*** Supplied data ***

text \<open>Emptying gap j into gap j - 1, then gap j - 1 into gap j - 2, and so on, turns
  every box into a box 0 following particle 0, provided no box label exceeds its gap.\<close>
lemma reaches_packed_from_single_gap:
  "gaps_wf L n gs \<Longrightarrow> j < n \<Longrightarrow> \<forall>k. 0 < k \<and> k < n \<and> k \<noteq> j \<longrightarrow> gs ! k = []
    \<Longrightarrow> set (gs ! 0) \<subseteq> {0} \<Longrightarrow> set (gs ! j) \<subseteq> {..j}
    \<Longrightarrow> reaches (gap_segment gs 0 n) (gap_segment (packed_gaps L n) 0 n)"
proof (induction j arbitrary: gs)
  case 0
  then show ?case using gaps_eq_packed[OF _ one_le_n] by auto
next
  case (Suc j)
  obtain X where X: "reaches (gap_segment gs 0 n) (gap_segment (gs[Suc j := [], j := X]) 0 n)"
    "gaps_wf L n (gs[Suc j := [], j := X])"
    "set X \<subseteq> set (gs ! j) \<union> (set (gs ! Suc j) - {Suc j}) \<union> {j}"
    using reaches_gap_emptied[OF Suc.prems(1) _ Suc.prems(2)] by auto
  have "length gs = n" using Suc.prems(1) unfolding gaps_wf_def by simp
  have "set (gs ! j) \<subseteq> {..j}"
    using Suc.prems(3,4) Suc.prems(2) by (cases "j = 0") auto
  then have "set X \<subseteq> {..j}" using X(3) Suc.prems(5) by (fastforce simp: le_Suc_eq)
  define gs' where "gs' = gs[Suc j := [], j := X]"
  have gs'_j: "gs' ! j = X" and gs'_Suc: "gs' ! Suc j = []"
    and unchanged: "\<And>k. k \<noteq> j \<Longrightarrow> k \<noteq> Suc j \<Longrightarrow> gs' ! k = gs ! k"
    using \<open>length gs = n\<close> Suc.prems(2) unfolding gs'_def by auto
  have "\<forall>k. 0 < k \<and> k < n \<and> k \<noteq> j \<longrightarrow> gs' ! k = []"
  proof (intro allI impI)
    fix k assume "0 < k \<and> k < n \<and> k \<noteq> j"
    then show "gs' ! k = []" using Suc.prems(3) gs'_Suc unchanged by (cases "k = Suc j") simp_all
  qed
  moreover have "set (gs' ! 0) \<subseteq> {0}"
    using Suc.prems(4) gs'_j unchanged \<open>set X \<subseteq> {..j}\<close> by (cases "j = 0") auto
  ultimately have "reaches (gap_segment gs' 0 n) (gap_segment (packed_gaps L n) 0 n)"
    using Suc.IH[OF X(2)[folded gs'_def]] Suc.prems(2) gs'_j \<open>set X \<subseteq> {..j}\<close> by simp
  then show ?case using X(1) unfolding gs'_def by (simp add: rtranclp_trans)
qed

*** End of Supplied data ***

Begin with the first line of the data above and, please, print each line exactly until you have printed the line containing "obtain X where"; print nothing else.

■ Response to the exercise ■
text \<open>Emptying gap j into gap j - 1, then gap j - 1 into gap j - 2, and so on, turns
  every box into a box 0 following particle 0, provided no box label exceeds its gap.\<close>
lemma reaches_packed_from_single_gap:
  "gaps_wf L n gs \<Longrightarrow> j < n \<Longrightarrow> \<forall>k. 0 < k \<and> k < n \<and> k \<noteq> j \<longrightarrow> gs ! k = []
    \<Longrightarrow> set (gs ! 0) \<subseteq> {0} \<Longrightarrow> set (gs ! j) \<subseteq> {..j}
    \<Longrightarrow> reaches (gap_segment gs 0 n) (gap_segment (packed_gaps L n) 0 n)"
proof (induction j arbitrary: gs)
  case 0
  then show ?case using gaps_eq_packed[OF _ one_le_n] by auto
next
  case (Suc j)
  obtain X where X: "reaches (gap_segment gs 0 n) (gap_segment (gs[Suc j := [], j := X]) 0 n)"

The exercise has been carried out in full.